A mock town square, complete with a general store and ice cream shop, was reminiscent of Walt Disney’s Main Street, U.S.A. Tourists browsed turquoise jewelry, pottery, and other mass-produced Native American art beneath an antler chandelier in the gift shop. The Last Kind Words Saloon was also decorated with bleached bones and plenty of taxidermy—an elk, a mule deer, a snarling cougar, and a bison whose range had never extended as far southwest as the park.

We shared a cookie in the shade of one of the date palms that lined the property, imported from Africa in the 1920s by the Pacific Coast Borax Company.
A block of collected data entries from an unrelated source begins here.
(* Let $\mathfrak g=\mathfrak{hsp}_{2n}(\mathbb R)=\mathfrak g(\mathfrak{sp}_{2n}(\mathbb R),\mathbb R^{2n},\mathbb R,\omega)$ and let $x\in\mathfrak g$ be such that $C_x$ is pointed. Then $x$ is contained in a pointed generating $\operatorname{Inn}(\mathfrak g)$-invariant closed convex cone $W\subseteq\mathfrak g$.
   Context: $\omega$ is the standard symplectic form on $\mathbb R^{2n}$; $\mathfrak g(\mathfrak l,V,\mathfrak z,\beta)=\mathfrak z\oplus V\oplus\mathfrak l$ with bracket $[(z,v,x),(z',v',x')]=(\beta(v,v'),x.v'-x'.v,[x,x'])$, here with $\mathfrak l=\mathfrak{sp}_{2n}(\mathbb R)$ acting naturally on $V=\mathbb R^{2n}$, $\mathfrak z=\mathbb R$, $\beta=\omega$ (the Jacobi Lie algebra). $\operatorname{Inn}(\mathfrak g)=\langle e^{\operatorname{ad}\mathfrak g}\rangle$; $C_x$ is the closed convex cone generated by $\operatorname{Inn}(\mathfrak g)x$; pointed = contains no affine line; generating = spans $\mathfrak g$. *)

theory Defs
  imports "HOL-Analysis.Analysis"
begin

text \<open>V = R^{2n} modelled as real^('n + 'n) (coordinates q_1..q_n, p_1..p_n);
  the Jacobi algebra hsp_{2n}(R) = R (+) V (+) sp_{2n}(R) is realised inside the
  Euclidean space real \<times> V \<times> (2n\<times>2n matrices).\<close>

type_synonym 'n vec2 = "real ^ ('n + 'n)"
type_synonym 'n mat2 = "real ^ ('n + 'n) ^ ('n + 'n)"
type_synonym 'n jac = "real \<times> 'n vec2 \<times> 'n mat2"

definition symJ :: "('n::finite) mat2" where
  "symJ = (\<chi> i j. (case (i, j) of
      (Inl a, Inr b) \<Rightarrow> (if a = b then 1 else 0)
    | (Inr a, Inl b) \<Rightarrow> (if a = b then -1 else 0)
    | _ \<Rightarrow> 0))"

definition omega :: "('n::finite) vec2 \<Rightarrow> 'n vec2 \<Rightarrow> real" where
  "omega v w = v \<bullet> (symJ *v w)"

definition sp :: "('n::finite) mat2 set" where
  "sp = {X. transpose X ** symJ + symJ ** X = 0}"

definition hsp :: "('n::finite) jac set" where
  "hsp = {(z, v, X). X \<in> sp}"

definition br :: "('n::finite) jac \<Rightarrow> 'n jac \<Rightarrow> 'n jac" where
  "br a b = (case a of (z, v, X) \<Rightarrow> case b of (z', v', X') \<Rightarrow>
     (omega v v', X *v v' - X' *v v, X ** X' - X' ** X))"

definition expad :: "('n::finite) jac \<Rightarrow> 'n jac \<Rightarrow> 'n jac" where
  "expad y u = (\<Sum>k. (inverse (fact k) :: real) *\<^sub>R ((br y ^^ k) u))"

text \<open>Inn(g): the group generated by the e^{ad y}, y in g (closed under inverses
  since e^{ad y}^{-1} = e^{ad(-y)}, so the generated monoid is the generated group)\<close>
inductive_set Inn :: "(('n::finite) jac \<Rightarrow> 'n jac) set" where
  Inn_id: "id \<in> Inn"
| Inn_step: "y \<in> hsp \<Longrightarrow> \<phi> \<in> Inn \<Longrightarrow> (\<lambda>u. expad y (\<phi> u)) \<in> Inn"

definition Cx :: "('n::finite) jac \<Rightarrow> 'n jac set" where
  "Cx x = closure (convex_cone hull ((\<lambda>\<phi>. \<phi> x) ` Inn))"

definition pointed :: "'a::real_vector set \<Rightarrow> bool" where
  "pointed C \<longleftrightarrow> \<not> (\<exists>a d. d \<noteq> 0 \<and> (\<forall>t::real. a + t *\<^sub>R d \<in> C))"

end

theory Submission
  imports Defs
begin

(* Identify hsp with the Poisson algebra of polynomials of degree at most two on V, so that
   u = (z, v, X) becomes H_u(x) = z + omega(v, x) + Q_X(x); every inner automorphism then acts by
   an affine substitution of the variable. Hence for s = 1 or s = -1 the cone W_s of all u with
   s * H_u >= 0 is closed, pointed, generating and invariant, and so is (except for being
   generating) the cone P_s of all u with s * Q_X >= 0.
   If Q_x is not zero, averaging the translates of x shows that C_x contains sgn (Q_x b) times the
   central unit for every b; as C_x is pointed, Q_x has a constant sign s, so C_x lies in P_s.
   An element of P_s lying in -W_s is central, hence C_x meets -W_s only in 0, which makes
   C_x + W_s closed and pointed. If Q_x = 0, pointedness forces x to be central, and x lies in W_s
   for the sign s of its central component. *)

section \<open>Symplectic linear algebra\<close>

lemma symJ_apply_Inl: "(symJ *v w) $ Inl a = w $ Inr a"
proof -
  have "(symJ *v w) $ Inl a = (\<Sum>j\<in>UNIV. (if j = Inr a then w $ j else 0))"
    unfolding matrix_vector_mult_def symJ_def
    by (simp only: vec_lambda_beta, rule sum.cong) (auto split: sum.splits)
  also have "\<dots> = w $ Inr a" by (simp add: sum.delta')
  finally show ?thesis .
qed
Up the hill, we wandered through an eerie underground tunnel to the historic Furnace Creek Inn. The hotel had been renovated in the style of Old Hollywood, all sleekly upholstered furniture, terracotta tiles, and dark wood. The dining room offered a seared chicken breast and pork chop for thirty-six and fifty-nine dollars a pop. We drank prickly pear margaritas on a patio with a sweeping view of the tennis courts, the land striped green then brown where the resort’s irrigation stopped.

 
 
 
Picture of turquoise door at the Amargosa Opera House and Hotel in Death Valley Junction, California outside of Death Valley National Park.
Picture of two chairs and a table in front of a large window at the Oasis at Death Valley in Death Valley National Park.
 
 
 

“I found my ship out here in the desert” — Marta Becket

On our last day, we ventured further east, just outside the park. We stopped at the Area 51 Center for gas, lured in by billboards advertising candy, nuts, liquor, and cat-house souvenirs. Plywood aliens peered from fake windows in the lime green facade, holding up peace signs as though to reassure us that they had no ill intentions. The attached, space-themed brothel was open 24/7, offering cold beer, hot girls, and free tours.

Twenty miles down the road, we branched off toward Ash Meadows. The wildlife refuge was home to twenty-four species that could be found nowhere else in the world, a biodiversity hot spot fed by fossil water dating back ten thousand years ago. We peered around aquamarine seeps and sloughs, searching for lizards, snakes, snails, and pupfish that never surfaced.

Covered in dust and tired from the sun, we finally arrived in Death Valley Junction. It was the hottest part of the day and the town was deserted, the farm-to-table cafe that had recently reopened now closed until further notice. The Amargosa Opera House and Hotel was also devoid of guests, many buildings in the adobe complex filled with debris and trash.

Even in its derelict state, it wasn’t hard to imagine what Marta Becket had seen when she’d first passed through the town in 1967: a chance to revive a special place that lingered in the liminal space between life and death. Between an ever-fleeting boom and an inevitable, catastrophic bust.

 
 
 
Picture of an alley behind the Amargosa Opera House in Death Valley Junction, California outside of Death Valley National Park..
Picture of sun-dappled mountain in Beatty, Nevada outside of Death Valley National Park.